Frequently asked questions
What is Stresam used for and what is its main ingredient?
Stresam is used to treat anxiety disorders, especially those with psychosomatic symptoms like palpitations and digestive issues, and its main ingredient is etifoxine hydrochloride.
Is Stresam a benzodiazepine?
No, Stresam is a non-benzodiazepine anxiolytic that belongs to the benzoxazine chemical class. It has a different mechanism of action and a lower risk of dependence compared to benzodiazepines.
Where is Stresam available?
Stresam is authorized in several countries, including France, Malta, and Bulgaria, but it is not currently available in the United States.
What are the main side effects of Stresam?
The most common side effect is transient drowsiness, which usually subsides with continued use. Rare but serious side effects include severe skin reactions and liver toxicity.

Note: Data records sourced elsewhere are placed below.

lemma fejer_kernel_le_half: "fejer_kernel 1 s \<le> 1/2"
proof (cases "s = 0")
  case False
  have "1 - cos s = 2 * (sin (s/2))\<^sup>2"
    using cos_double_sin[of "s/2"] by simp
  also have "\<dots> \<le> 2 * (s/2)\<^sup>2"
    using abs_sin_x_le_abs_x[of "s/2"] by (metis abs_le_square_iff mult_le_cancel_left_pos zero_less_numeral)
  finally show ?thesis
    using False by (simp add: fejer_kernel_def divide_le_eq power_divide)
qed simp

lemma fejer_kernel_le_inverse_square: "fejer_kernel 1 s \<le> 2 / s\<^sup>2"
  unfolding fejer_kernel_def
  by (intro divide_right_mono) (auto simp: algebra_simps, smt (verit) cos_ge_minus_one)

lemma integrable_powr_majorant:
  fixes e :: real
  assumes "e < -1"
  shows "integrable lborel (\<lambda>s. if \<bar>s\<bar> \<le> 1 then 1 else \<bar>s\<bar> powr e)"
proof -
  have "((\<lambda>x. x powr e) has_integral -(1 powr (e+1)) / (e+1)) {1..}"
    by (rule has_integral_powr_to_inf) (use assms in auto)
  then have "(\<lambda>x. x powr e) absolutely_integrable_on {1..}"
    by (intro nonnegative_absolutely_integrable_1) (auto simp: integrable_on_def)
  then have right: "integrable lborel (\<lambda>x. indicator {1..} x * x powr e)"
    by (simp add: set_integrable_def integrable_completion)
  have left: "integrable lborel (\<lambda>x. indicator {1..} (0 + (-1) * x) * (0 + (-1) * x) powr e)"
    by (rule lborel_integrable_real_affine[OF right]) auto
  have "integrable lborel (\<lambda>x. indicator {-1..1} x + indicator {1..} x * x powr e
      + indicator {1..} (- x) * (- x) powr e)"
    using left right by simp
  then show ?thesis
    by (rule Bochner_Integration.integrable_bound) (auto simp: indicator_def)
qed

lemma fejer_kernel_powr_le_majorant:
  assumes "0 \<le> \<beta>"
  shows "fejer_kernel 1 s * \<bar>s\<bar> powr \<beta> \<le> 2 * (if \<bar>s\<bar> \<le> 1 then 1 else \<bar>s\<bar> powr (\<beta> - 2))"
proof (cases "\<bar>s\<bar> \<le> 1")
  case True
  have "\<bar>s\<bar> powr \<beta> \<le> 1" using True assms by (simp add: powr_le1)
  then have "fejer_kernel 1 s * \<bar>s\<bar> powr \<beta> \<le> 1/2 * 1"
    by (intro mult_mono fejer_kernel_le_half) (auto simp: fejer_kernel_nonneg)
  with True show ?thesis by simp
next
  case False
  have "fejer_kernel 1 s * \<bar>s\<bar> powr \<beta> \<le> 2 / \<bar>s\<bar> powr 2 * \<bar>s\<bar> powr \<beta>"
    using fejer_kernel_le_inverse_square[of s] False by (intro mult_right_mono) auto
  also have "\<dots> = 2 * \<bar>s\<bar> powr (\<beta> - 2)"
    using False by (simp add: powr_diff)
  finally show ?thesis using False by simp
qed

lemma fejer_kernel_powr_integrable_1:
  assumes "0 \<le> \<beta>" "\<beta> < 1"
  shows "integrable lborel (\<lambda>s. fejer_kernel 1 s * \<bar>s\<bar> powr \<beta>)"
proof (rule Bochner_Integration.integrable_bound)
  show "integrable lborel (\<lambda>s. 2 * (if \<bar>s\<bar> \<le> 1 then 1 else \<bar>s\<bar> powr (\<beta> - 2)))"
    using integrable_powr_majorant[of "\<beta> - 2"] assms by simp
  show "AE s in lborel. norm (fejer_kernel 1 s * \<bar>s\<bar> powr \<beta>)
      \<le> norm (2 * (if \<bar>s\<bar> \<le> 1 then 1 else \<bar>s\<bar> powr (\<beta> - 2)))"
    using fejer_kernel_powr_le_majorant[OF assms(1)] fejer_kernel_nonneg
    by (intro AE_I2) (simp add: abs_mult)
qed simp

lemma fejer_kernel_powr_scale:
  \<comment> \<open>in the affine shape \<open>0 + h * s\<close> expected by \<open>lborel_integral_real_affine\<close>\<close>
  assumes "h \<noteq> 0"
  shows "fejer_kernel h s * \<bar>s\<bar> powr \<beta>
    = (h\<^sup>2 / \<bar>h\<bar> powr \<beta>) * (fejer_kernel 1 (0 + h * s) * \<bar>0 + h * s\<bar> powr \<beta>)"
  using assms by (subst fejer_kernel_scale) (simp add: abs_mult powr_mult)

lemma fejer_kernel_powr_integrable:
  assumes "0 \<le> \<beta>" "\<beta> < 1"
  shows "integrable lborel (\<lambda>s. fejer_kernel h s * \<bar>s\<bar> powr \<beta>)"
proof (cases "h = 0")
  case False
  show ?thesis
    unfolding fejer_kernel_powr_scale[OF False]
    by (intro Bochner_Integration.integrable_mult_right
        lborel_integrable_real_affine[OF fejer_kernel_powr_integrable_1[OF assms]] False)
qed (simp add: fejer_kernel_def)

lemma integral_fejer_kernel_powr:
  assumes "0 \<le> \<beta>" "\<beta> < 1"
  shows "(LBINT s. fejer_kernel h s * \<bar>s\<bar> powr \<beta>)
    = \<bar>h\<bar> powr (1 - \<beta>) * (LBINT s. fejer_kernel 1 s * \<bar>s\<bar> powr \<beta>)"
proof (cases "h = 0")
  case False
  let ?G = "\<lambda>u. fejer_kernel 1 u * \<bar>u\<bar> powr \<beta>"
  have "(LBINT u. ?G u) = \<bar>h\<bar> * (LBINT s. ?G (0 + h * s))"
    using lborel_integral_real_affine[OF False, of ?G 0] by simp
  moreover have "h\<^sup>2 = \<bar>h\<bar> powr (1 - \<beta>) * \<bar>h\<bar> * \<bar>h\<bar> powr \<beta>"
    using False by (simp add: mult.commute powr_add[symmetric] powr_mult_base)
  ultimately show ?thesis
    unfolding fejer_kernel_powr_scale[OF False] using False by simp
qed (simp add: fejer_kernel_def)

Can Stresam be used for long-term treatment?
No, Stresam is typically prescribed for short-term treatment, ranging from a few days to a few weeks, and should not exceed 12 weeks for anxiety treatment.
Can Stresam be taken with alcohol?
No, combining Stresam with alcohol is not advised because alcohol can increase the sedative effects of the medication.
How does Stresam work in the body?
Etifoxine has a dual mechanism: it directly potentiates GABA-A receptors at a non-benzodiazepine site and indirectly modulates them by stimulating neurosteroid production through the mitochondrial translocator protein (TSPO).
Are there any withdrawal symptoms associated with Stresam?
Unlike benzodiazepines, abrupt discontinuation of Stresam typically does not result in withdrawal symptoms.
Who should not take Stresam?
Stresam is contraindicated in patients with severe liver or kidney impairment, myasthenia gravis, shock, and those with a history of severe skin reactions or liver damage from previous etifoxine treatment.
Does Stresam affect memory or alertness?
No, studies have shown that Stresam has minimal or no deleterious effects on alertness, psychomotor performance, or memory, unlike many benzodiazepines.
Can Stresam be used during pregnancy or breastfeeding?
No, the use of Stresam is not recommended during pregnancy or breastfeeding due to insufficient clinical data on its safety for these populations.